Stored items:
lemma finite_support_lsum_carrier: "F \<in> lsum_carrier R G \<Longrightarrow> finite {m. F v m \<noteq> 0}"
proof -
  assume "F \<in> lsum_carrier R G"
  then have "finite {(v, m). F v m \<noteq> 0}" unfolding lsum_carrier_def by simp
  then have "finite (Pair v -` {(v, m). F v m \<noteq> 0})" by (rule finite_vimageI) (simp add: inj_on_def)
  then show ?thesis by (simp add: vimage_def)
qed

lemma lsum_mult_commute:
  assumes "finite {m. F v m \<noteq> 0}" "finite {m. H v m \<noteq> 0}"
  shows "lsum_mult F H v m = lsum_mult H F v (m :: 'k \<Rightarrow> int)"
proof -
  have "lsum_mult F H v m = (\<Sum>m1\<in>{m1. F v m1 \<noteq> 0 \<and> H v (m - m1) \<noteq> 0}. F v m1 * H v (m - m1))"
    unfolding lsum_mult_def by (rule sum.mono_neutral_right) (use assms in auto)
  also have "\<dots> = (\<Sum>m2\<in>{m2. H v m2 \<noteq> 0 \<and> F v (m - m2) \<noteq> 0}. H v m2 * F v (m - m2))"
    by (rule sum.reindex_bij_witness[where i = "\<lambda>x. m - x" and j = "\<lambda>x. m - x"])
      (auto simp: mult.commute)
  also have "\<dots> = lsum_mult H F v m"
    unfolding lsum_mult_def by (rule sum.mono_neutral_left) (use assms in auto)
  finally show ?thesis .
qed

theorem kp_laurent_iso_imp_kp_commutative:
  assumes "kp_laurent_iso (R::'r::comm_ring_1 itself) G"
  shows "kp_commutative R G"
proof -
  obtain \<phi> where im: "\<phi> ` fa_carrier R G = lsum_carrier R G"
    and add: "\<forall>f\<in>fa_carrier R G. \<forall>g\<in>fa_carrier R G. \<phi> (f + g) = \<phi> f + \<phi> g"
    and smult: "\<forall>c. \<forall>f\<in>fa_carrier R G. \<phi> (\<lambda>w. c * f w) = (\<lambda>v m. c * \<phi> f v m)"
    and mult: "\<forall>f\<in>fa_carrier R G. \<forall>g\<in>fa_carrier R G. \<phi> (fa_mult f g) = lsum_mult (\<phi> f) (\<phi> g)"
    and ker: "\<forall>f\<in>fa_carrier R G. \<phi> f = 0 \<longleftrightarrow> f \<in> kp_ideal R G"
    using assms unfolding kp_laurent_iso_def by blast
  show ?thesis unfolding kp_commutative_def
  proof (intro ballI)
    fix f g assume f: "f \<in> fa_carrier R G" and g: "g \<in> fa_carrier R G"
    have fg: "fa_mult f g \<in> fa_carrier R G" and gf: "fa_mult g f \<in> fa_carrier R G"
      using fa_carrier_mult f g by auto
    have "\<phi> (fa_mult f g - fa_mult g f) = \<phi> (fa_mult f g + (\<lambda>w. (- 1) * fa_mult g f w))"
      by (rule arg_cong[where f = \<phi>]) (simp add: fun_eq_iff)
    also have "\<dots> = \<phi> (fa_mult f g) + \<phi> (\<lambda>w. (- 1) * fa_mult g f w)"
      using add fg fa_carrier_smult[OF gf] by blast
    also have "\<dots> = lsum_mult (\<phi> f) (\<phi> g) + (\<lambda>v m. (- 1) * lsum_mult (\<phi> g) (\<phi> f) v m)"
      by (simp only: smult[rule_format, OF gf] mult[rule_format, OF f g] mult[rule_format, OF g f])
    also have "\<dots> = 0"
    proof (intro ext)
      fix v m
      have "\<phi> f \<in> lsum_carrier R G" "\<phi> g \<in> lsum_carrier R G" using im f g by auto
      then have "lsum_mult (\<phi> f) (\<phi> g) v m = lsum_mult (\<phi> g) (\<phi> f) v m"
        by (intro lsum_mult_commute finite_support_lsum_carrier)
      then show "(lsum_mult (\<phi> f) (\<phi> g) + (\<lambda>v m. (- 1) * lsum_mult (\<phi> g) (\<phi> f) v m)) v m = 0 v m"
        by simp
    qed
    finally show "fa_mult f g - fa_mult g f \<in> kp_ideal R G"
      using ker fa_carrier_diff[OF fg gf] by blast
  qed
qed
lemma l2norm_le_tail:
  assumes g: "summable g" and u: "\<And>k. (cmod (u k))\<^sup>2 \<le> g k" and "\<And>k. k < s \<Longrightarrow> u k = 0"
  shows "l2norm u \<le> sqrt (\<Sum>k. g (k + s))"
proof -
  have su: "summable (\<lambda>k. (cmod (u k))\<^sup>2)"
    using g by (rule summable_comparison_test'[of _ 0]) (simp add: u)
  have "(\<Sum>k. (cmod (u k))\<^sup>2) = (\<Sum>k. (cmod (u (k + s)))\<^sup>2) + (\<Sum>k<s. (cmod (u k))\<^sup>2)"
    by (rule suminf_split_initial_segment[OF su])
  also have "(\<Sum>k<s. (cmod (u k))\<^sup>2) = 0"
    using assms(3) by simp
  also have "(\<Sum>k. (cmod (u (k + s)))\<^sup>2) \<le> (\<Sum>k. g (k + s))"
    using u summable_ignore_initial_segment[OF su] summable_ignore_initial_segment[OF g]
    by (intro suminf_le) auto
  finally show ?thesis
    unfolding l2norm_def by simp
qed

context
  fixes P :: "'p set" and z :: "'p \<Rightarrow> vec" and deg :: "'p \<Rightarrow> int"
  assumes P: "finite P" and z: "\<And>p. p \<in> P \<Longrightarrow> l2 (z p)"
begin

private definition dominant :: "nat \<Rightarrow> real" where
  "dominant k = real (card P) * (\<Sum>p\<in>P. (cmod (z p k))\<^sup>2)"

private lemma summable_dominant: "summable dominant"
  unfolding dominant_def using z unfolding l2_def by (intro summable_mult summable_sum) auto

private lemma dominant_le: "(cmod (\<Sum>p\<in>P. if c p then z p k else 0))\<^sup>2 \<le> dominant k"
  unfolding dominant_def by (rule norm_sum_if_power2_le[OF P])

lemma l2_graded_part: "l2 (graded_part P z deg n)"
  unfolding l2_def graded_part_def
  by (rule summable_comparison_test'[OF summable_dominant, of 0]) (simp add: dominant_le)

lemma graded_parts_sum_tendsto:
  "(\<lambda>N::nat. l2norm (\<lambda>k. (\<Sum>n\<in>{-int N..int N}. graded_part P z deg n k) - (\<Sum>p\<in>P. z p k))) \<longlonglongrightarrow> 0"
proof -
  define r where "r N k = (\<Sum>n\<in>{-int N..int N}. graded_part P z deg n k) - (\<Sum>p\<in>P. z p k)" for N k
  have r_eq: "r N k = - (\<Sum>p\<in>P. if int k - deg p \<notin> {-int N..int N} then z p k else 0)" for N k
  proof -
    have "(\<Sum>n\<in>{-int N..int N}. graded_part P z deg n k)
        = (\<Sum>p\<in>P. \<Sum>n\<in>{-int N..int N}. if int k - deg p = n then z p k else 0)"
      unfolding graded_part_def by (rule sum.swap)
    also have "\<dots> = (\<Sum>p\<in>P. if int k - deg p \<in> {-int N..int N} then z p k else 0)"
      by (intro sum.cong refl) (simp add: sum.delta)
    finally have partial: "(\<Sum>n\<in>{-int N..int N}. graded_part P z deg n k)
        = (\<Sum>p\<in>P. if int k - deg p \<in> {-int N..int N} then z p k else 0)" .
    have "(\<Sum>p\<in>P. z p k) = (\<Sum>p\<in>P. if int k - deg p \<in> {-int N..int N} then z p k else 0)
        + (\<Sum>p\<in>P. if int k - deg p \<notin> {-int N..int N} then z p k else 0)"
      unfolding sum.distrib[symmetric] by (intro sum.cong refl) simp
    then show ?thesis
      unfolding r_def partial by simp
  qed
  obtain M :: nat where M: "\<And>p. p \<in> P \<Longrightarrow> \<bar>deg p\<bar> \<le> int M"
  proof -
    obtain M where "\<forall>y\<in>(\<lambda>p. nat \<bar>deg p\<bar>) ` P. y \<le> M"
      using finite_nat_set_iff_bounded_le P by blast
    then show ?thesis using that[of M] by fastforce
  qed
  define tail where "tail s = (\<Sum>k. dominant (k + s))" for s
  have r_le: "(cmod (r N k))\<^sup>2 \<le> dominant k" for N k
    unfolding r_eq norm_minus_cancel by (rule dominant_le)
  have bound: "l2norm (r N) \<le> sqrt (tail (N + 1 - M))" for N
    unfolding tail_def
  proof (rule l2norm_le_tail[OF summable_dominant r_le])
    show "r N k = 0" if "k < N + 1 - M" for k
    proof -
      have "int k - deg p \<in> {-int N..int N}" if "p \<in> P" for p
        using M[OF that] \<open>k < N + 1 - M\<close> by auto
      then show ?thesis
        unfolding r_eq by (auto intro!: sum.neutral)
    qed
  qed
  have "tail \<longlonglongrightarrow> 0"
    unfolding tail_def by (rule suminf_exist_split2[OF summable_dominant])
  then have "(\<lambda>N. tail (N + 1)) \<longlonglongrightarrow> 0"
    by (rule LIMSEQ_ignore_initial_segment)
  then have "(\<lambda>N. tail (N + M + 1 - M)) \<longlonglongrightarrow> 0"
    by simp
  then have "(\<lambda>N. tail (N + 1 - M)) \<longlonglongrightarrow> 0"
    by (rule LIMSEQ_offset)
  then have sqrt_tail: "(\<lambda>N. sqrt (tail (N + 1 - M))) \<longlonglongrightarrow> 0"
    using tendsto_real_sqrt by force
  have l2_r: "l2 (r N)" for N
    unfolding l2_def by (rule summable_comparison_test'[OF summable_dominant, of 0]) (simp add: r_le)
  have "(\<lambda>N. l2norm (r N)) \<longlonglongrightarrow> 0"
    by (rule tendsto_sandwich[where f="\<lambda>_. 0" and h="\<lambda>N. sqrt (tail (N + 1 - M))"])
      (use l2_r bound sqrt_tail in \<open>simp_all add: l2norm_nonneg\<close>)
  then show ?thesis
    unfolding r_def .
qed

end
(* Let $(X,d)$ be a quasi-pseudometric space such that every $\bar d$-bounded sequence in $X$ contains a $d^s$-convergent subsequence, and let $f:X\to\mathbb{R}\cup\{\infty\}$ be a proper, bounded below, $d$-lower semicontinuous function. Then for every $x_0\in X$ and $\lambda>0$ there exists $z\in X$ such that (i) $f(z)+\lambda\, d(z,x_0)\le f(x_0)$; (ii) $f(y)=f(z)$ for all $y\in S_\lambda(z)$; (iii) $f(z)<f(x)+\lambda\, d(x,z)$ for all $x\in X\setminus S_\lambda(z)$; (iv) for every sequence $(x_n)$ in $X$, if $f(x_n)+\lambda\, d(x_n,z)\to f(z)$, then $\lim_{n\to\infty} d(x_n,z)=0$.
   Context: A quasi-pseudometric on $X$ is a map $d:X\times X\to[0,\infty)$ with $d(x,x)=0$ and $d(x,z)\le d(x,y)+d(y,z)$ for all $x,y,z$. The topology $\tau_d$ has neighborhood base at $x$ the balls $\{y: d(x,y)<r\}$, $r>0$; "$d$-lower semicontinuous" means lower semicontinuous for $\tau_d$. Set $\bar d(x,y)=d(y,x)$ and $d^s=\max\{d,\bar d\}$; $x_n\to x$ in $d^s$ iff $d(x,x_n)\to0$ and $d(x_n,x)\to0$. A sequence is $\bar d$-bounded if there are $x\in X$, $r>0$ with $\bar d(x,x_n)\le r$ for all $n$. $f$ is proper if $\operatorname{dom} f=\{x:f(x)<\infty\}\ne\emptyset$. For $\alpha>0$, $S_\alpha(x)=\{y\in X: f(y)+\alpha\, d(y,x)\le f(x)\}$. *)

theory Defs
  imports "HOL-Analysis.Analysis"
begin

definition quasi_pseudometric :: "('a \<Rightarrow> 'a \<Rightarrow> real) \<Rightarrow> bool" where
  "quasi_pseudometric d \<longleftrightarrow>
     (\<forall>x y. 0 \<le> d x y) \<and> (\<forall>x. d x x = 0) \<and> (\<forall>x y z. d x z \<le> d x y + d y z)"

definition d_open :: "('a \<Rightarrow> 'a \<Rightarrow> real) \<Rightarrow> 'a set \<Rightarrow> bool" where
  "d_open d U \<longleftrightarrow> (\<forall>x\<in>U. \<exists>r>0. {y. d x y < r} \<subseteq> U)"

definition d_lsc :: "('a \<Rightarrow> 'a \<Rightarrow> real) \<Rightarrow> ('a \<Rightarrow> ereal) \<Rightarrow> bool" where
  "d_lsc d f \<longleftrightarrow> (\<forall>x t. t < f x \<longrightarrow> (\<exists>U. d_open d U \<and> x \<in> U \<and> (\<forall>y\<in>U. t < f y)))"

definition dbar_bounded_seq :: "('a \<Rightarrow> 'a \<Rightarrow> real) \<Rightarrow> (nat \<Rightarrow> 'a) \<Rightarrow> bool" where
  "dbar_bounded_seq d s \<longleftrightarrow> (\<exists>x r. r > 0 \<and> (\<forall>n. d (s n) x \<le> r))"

Task directions: Show every line in the entries above that contains the string "finally".

Response below:
  finally show ?thesis .
    finally show "fa_mult f g - fa_mult g f \<in> kp_ideal R G"
  finally show ?thesis
    finally have partial: "(\<Sum>n\<in>{-int N..int N}. graded_part P z deg n k)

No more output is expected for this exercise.